Genetic Variation , Papio hamadryas/genetics , Sex Characteristics , Skull/anatomy & histology , Animals , Biological Evolution , Female , Genes, X-Linked , Male
In this study we compare patterns of mandibular integration between mice and baboons using both phenotypic and quantitative genetic data. Specifically, we test how well each species fits with the mosaic model of mandibular integration suggested by Atchley and Hall (Biol Rev Camb Philos Soc 66:101-157, 1991) based on developmental modules. We hypothesize that patterns of integration will be similar for mice and baboons and that both species will show strong integration within developmental modules and weaker integration between modules. Corresponding landmark data were collected from the hemi-mandibles of an advanced intercross mouse sample (N = 1239) and mandibles from a baboon sample of known pedigree from the Southwest Foundation for Biomedical Research (N = 430).
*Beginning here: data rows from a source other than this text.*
text \<open>The difference W = u - v solves the homogeneous wave equation with zero data at t = 0.
  If W and its time derivative vanish at t0, integrating the equation twice and bounding the
  Laplacian by the weighted degree, k times over, gives
  |W(s,x)| \<le> (2 K(d + k))^k G(d + k) |s - t0|^(2k) / (2k)!, where d = d(x,p), K(r) bounds the degree
  and G(r) bounds |W| at distance r from p. Under Deg \<le> D d^\<alpha> and |W| \<le> C d^((2-\<alpha>)d) this is at
  most (c e^2 |s - t0|^2)^k times a polynomial in k, which tends to 0 once |s - t0| is below a step
  length depending only on Deg(p) and D. So the set of times at which W and its derivative vanish
  identically is open; it is closed by continuity, hence all of (-T,T) by connectedness.\<close>

lemma abs_le_of_abs_deriv_le:
  fixes \<psi> \<phi> :: "real \<Rightarrow> real"
  assumes "t0 \<le> s"
    and "\<And>r. t0 \<le> r \<Longrightarrow> r \<le> s \<Longrightarrow> (\<psi> has_real_derivative \<psi>' r) (at r)"
    and "\<And>r. t0 \<le> r \<Longrightarrow> r \<le> s \<Longrightarrow> (\<phi> has_real_derivative \<phi>' r) (at r)"
    and "\<And>r. t0 \<le> r \<Longrightarrow> r \<le> s \<Longrightarrow> \<bar>\<psi>' r\<bar> \<le> \<phi>' r"
    and "\<psi> t0 = 0" "\<phi> t0 = 0"
  shows "\<bar>\<psi> s\<bar> \<le> \<phi> s"
proof -
  have "\<phi> t0 - \<psi> t0 \<le> \<phi> s - \<psi> s"
  proof (rule DERIV_nonneg_imp_nondecreasing[OF \<open>t0 \<le> s\<close>])
    fix r assume "t0 \<le> r" "r \<le> s"
    with assms show "\<exists>y. ((\<lambda>r. \<phi> r - \<psi> r) has_real_derivative y) (at r) \<and> 0 \<le> y"
      by (intro exI[of _ "\<phi>' r - \<psi>' r"]) (force intro: DERIV_diff simp: abs_le_iff)
  qed
  moreover have "\<phi> t0 + \<psi> t0 \<le> \<phi> s + \<psi> s"
  proof (rule DERIV_nonneg_imp_nondecreasing[OF \<open>t0 \<le> s\<close>])
    fix r assume "t0 \<le> r" "r \<le> s"
    with assms show "\<exists>y. ((\<lambda>r. \<phi> r + \<psi> r) has_real_derivative y) (at r) \<and> 0 \<le> y"
      by (intro exI[of _ "\<phi>' r + \<psi>' r"]) (force intro: DERIV_add simp: abs_le_iff)
  qed
  ultimately show ?thesis using assms(5,6) by linarith
qed
(* Let $(X,\mathcal{B})$ be an $\mathrm{SQS}(v)$ and let $B = \{x_1,x_2,x_3,x_4\} \in \mathcal{B}$. Let $p$ be the probability that a block is available and $q = 1-p$. Then \[\mathcal{R}(p) = 1 - 4q^{r_1-1} + 6q^{2r_1-r_2-1} - 4q^{3r_1-3r_2} + q^{4r_1-6r_2+2},\] where $r_1 = \binom{v-1}{2}/3$ and $r_2 = \binom{v-2}{1}/2$.
   Context: A Steiner quadruple system $\mathrm{SQS}(v)$ is a $3$-$(v,4,1)$-design: a set $X$ of $v$ points with a collection $\mathcal{B}$ of $4$-subsets (blocks) such that every $3$-subset of $X$ lies in exactly one block; $r_1$ is the number of blocks containing a given point and $r_2$ the number containing a given pair of points. Reliability model: fix a block $B\in\mathcal{B}$. A repair set for $B$ is a subset $\mathcal{P}\subseteq \mathcal{B}\setminus\{B\}$ with $B \subseteq \bigcup_{B'\in\mathcal{P}} B'$. Each block of $\mathcal{B}\setminus\{B\}$ is, independently of the others, available with probability $p\in[0,1]$; a repair set is available if all of its blocks are available. $\mathcal{R}(p)$ is the probability that at least one available repair set for $B$ exists. *)

theory Defs
  imports Complex_Main
begin

definition SQS :: "nat \<Rightarrow> 'a set \<Rightarrow> 'a set set \<Rightarrow> bool" where
  "SQS v X Bs \<longleftrightarrow> finite X \<and> card X = v \<and>
     (\<forall>B\<in>Bs. B \<subseteq> X \<and> card B = 4) \<and>
     (\<forall>T. T \<subseteq> X \<and> card T = 3 \<longrightarrow> (\<exists>!B. B \<in> Bs \<and> T \<subseteq> B))"

definition repair_set :: "'a set set \<Rightarrow> 'a set \<Rightarrow> 'a set set \<Rightarrow> bool" where
  "repair_set Bs B P \<longleftrightarrow> P \<subseteq> Bs - {B} \<and> B \<subseteq> \<Union>P"

text \<open>Reliability: each block of Bs - {B} is independently available with
  probability p; R is the probability that the set A of available blocks contains
  some repair set for B (sum over all outcomes A of the product measure).\<close>
definition reliability :: "'a set set \<Rightarrow> 'a set \<Rightarrow> real \<Rightarrow> real" where
  "reliability Bs B p =
     (\<Sum>A\<in>Pow (Bs - {B}).
        (if \<exists>P. P \<subseteq> A \<and> repair_set Bs B P
         then p ^ card A * (1 - p) ^ card ((Bs - {B}) - A) else 0))"

end

theory Submission
  imports Defs
begin

(* For a point x of B let E x be the set of blocks other than B that contain x. The available
   blocks contain a repair set for B iff they meet every E x, and no block of a set F is
   available with probability q ^ card F; inclusion-exclusion over the points of B therefore
   gives R(p) as the alternating sum over S \<subseteq> B of q ^ card (\<Union>x\<in>S. E x).
   Since a triple of points lies in a unique block, no block other than B contains three points
   of B, so the E x have no triple intersections and the size of the union depends only on
   card S, through r1 - 1 = card (E x) and r2 - 1 = card (E x \<inter> E y); r1 and r2 themselves
   come from double counting triples. Grouping the subsets S by size yields the formula. *)

lemma sum_Pow_by_card:
  fixes g :: "nat \<Rightarrow> 'b::comm_semiring_1"
  assumes "finite I"
  shows "(\<Sum>S\<in>Pow I. g (card S)) = (\<Sum>k\<le>card I. of_nat (card I choose k) * g k)"
proof -
  have "(\<Sum>S\<in>Pow I. g (card S)) = (\<Sum>k\<le>card I. \<Sum>S\<in>{S\<in>Pow I. card S = k}. g (card S))"
    using assms by (intro sum.group[symmetric]) (auto intro: card_mono)
  also have "\<dots> = (\<Sum>k\<le>card I. of_nat (card I choose k) * g k)"
  proof (rule sum.cong[OF refl])
    fix k
    have "{S\<in>Pow I. card S = k} = {S. S \<subseteq> I \<and> card S = k}" by blast
    then show "(\<Sum>S\<in>{S\<in>Pow I. card S = k}. g (card S)) = of_nat (card I choose k) * g k"
      using n_subsets[OF assms, of k] by simp
  qed
  finally show ?thesis .
qed
definition B2 :: "('e::metric_space \<Rightarrow> 'e \<Rightarrow> 'y::metric_space) \<Rightarrow> bool" where
  "B2 f \<longleftrightarrow> (\<forall>A::('e \<times> 'e) set. bounded A \<longrightarrow> uniformly_continuous_on A (\<lambda>(x, y). f x y))"

definition B3 :: "'y::real_vector set \<Rightarrow> ('e::real_vector \<Rightarrow> 'e \<Rightarrow> 'y) \<Rightarrow> bool" where
  "B3 C f \<longleftrightarrow> (\<forall>x. C_convex C (f x))"

definition demiclosed :: "'e::real_normed_vector set \<Rightarrow> ('e \<Rightarrow> 'e set) \<Rightarrow> bool" where
  "demiclosed K T \<longleftrightarrow> (\<forall>xs xbar. (\<forall>k. xs k \<in> K) \<and> weak_conv xs xbar \<and>
      (\<lambda>k. infdist (xs k) (T (xs k))) \<longlonglongrightarrow> 0 \<longrightarrow> xbar \<in> T xbar)"

definition lsc_setval_at :: "'e::real_normed_vector set \<Rightarrow> ('e \<Rightarrow> 'e set) \<Rightarrow> 'e \<Rightarrow> bool" where
  "lsc_setval_at K T xbar \<longleftrightarrow> (\<forall>xs ybar. (\<forall>k. xs k \<in> K) \<and> xs \<longlonglongrightarrow> xbar \<and> ybar \<in> T xbar \<longrightarrow>
      (\<exists>ys. (\<forall>k. ys k \<in> T (xs k)) \<and> ys \<longlonglongrightarrow> ybar))"

definition quasi_Dg_nonexp :: "('e::real_normed_vector \<Rightarrow> real) \<Rightarrow> ('e \<Rightarrow> ('e \<Rightarrow>\<^sub>L real)) \<Rightarrow> 'e set \<Rightarrow> ('e \<Rightarrow> 'e set) \<Rightarrow> bool" where
  "quasi_Dg_nonexp g g' K T \<longleftrightarrow>
     (\<exists>p\<in>K. is_bproj g g' (T p) p p) \<and>
     (\<forall>p\<in>K. is_bproj g g' (T p) p p \<longrightarrow>
        (\<forall>x\<in>K. \<forall>s. is_bproj g g' (T x) x s \<longrightarrow> Dg g g' p s \<le> Dg g g' p x))"

definition B4 :: "('e::real_normed_vector \<Rightarrow> real) \<Rightarrow> ('e \<Rightarrow> ('e \<Rightarrow>\<^sub>L real)) \<Rightarrow> 'e set \<Rightarrow> ('e \<Rightarrow> 'e set) \<Rightarrow> bool" where
  "B4 g g' K T \<longleftrightarrow>
     (\<forall>x\<in>K. T x \<noteq> {} \<and> closed (T x) \<and> convex (T x)) \<and>
     demiclosed K T \<and> (\<forall>x\<in>K. lsc_setval_at K T x) \<and> quasi_Dg_nonexp g g' K T"

definition SEML_params :: "'e set \<Rightarrow> 'y::real_normed_vector set \<Rightarrow> 'e \<Rightarrow> real \<Rightarrow> real \<Rightarrow>
    (nat \<Rightarrow> real) \<Rightarrow> real \<Rightarrow> real \<Rightarrow> (nat \<Rightarrow> real) \<Rightarrow> real \<Rightarrow> (nat \<Rightarrow> 'y) \<Rightarrow> 'y \<Rightarrow> bool" where
  "SEML_params K C v0 \<delta> \<theta> \<beta> \<beta>lo \<beta>hi \<gamma> \<epsilon> e ebar \<longleftrightarrow>
     v0 \<in> K \<and> 0 < \<delta> \<and> \<delta> < 1 \<and> 0 < \<theta> \<and> \<theta> < 1 \<and>
     0 < \<beta>lo \<and> \<beta>lo \<le> \<beta>hi \<and> (\<forall>k. \<beta>lo \<le> \<beta> k \<and> \<beta> k \<le> \<beta>hi) \<and>
     0 < \<epsilon> \<and> \<epsilon> \<le> 1 \<and> (\<forall>k. \<epsilon> \<le> \<gamma> k \<and> \<gamma> k \<le> 1) \<and>
     (\<forall>k. e k \<in> interior C) \<and> e \<longlonglongrightarrow> ebar \<and> ebar \<in> interior C"

definition armijo_fail :: "'y::real_normed_vector set \<Rightarrow> ('e::real_normed_vector \<Rightarrow> 'e \<Rightarrow> 'y) \<Rightarrow>
    ('e \<Rightarrow> real) \<Rightarrow> ('e \<Rightarrow> ('e \<Rightarrow>\<^sub>L real)) \<Rightarrow> real \<Rightarrow> real \<Rightarrow> real \<Rightarrow> 'y \<Rightarrow> 'e \<Rightarrow> 'e \<Rightarrow> nat \<Rightarrow> bool" where
  "armijo_fail C f g g' \<delta> \<theta> b ek xk zk l \<longleftrightarrow>
     (let yl = \<theta> ^ l *\<^sub>R zk + (1 - \<theta> ^ l) *\<^sub>R xk in
      - (b *\<^sub>R f yl xk) + b *\<^sub>R f yl zk + (\<delta> * Dg g g' zk xk) *\<^sub>R ek \<notin> interior C)"

definition seml_alpha :: "'y::real_normed_vector set \<Rightarrow> ('e::real_normed_vector \<Rightarrow> 'e \<Rightarrow> 'y) \<Rightarrow>
    ('e \<Rightarrow> real) \<Rightarrow> ('e \<Rightarrow> ('e \<Rightarrow>\<^sub>L real)) \<Rightarrow> real \<Rightarrow> real \<Rightarrow> real \<Rightarrow> 'y \<Rightarrow> 'e \<Rightarrow> 'e \<Rightarrow> real" where
  "seml_alpha C f g g' \<delta> \<theta> b ek xk zk = \<theta> ^ (LEAST l. armijo_fail C f g g' \<delta> \<theta> b ek xk zk l)"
We used four methods of analysis to quantify and compare the degree of mandibular integration between species including two methods based on a priori assumptions, and two a posteriori analyses. We found that patterns of integration are broadly similar for baboon and mouse mandibles, with both species displaying a modular pattern of integration. While there is a general trend of similarity in integration patterns between species, there were some marked differences. Mice are strongly correlated among distances within the coronoid process and the incisive alveolar region, whereas baboons are strongly integrated within the condylar process. We discuss the potential evolutionary implications of the similar patterns of integration between these species with an emphasis on the role of modularity.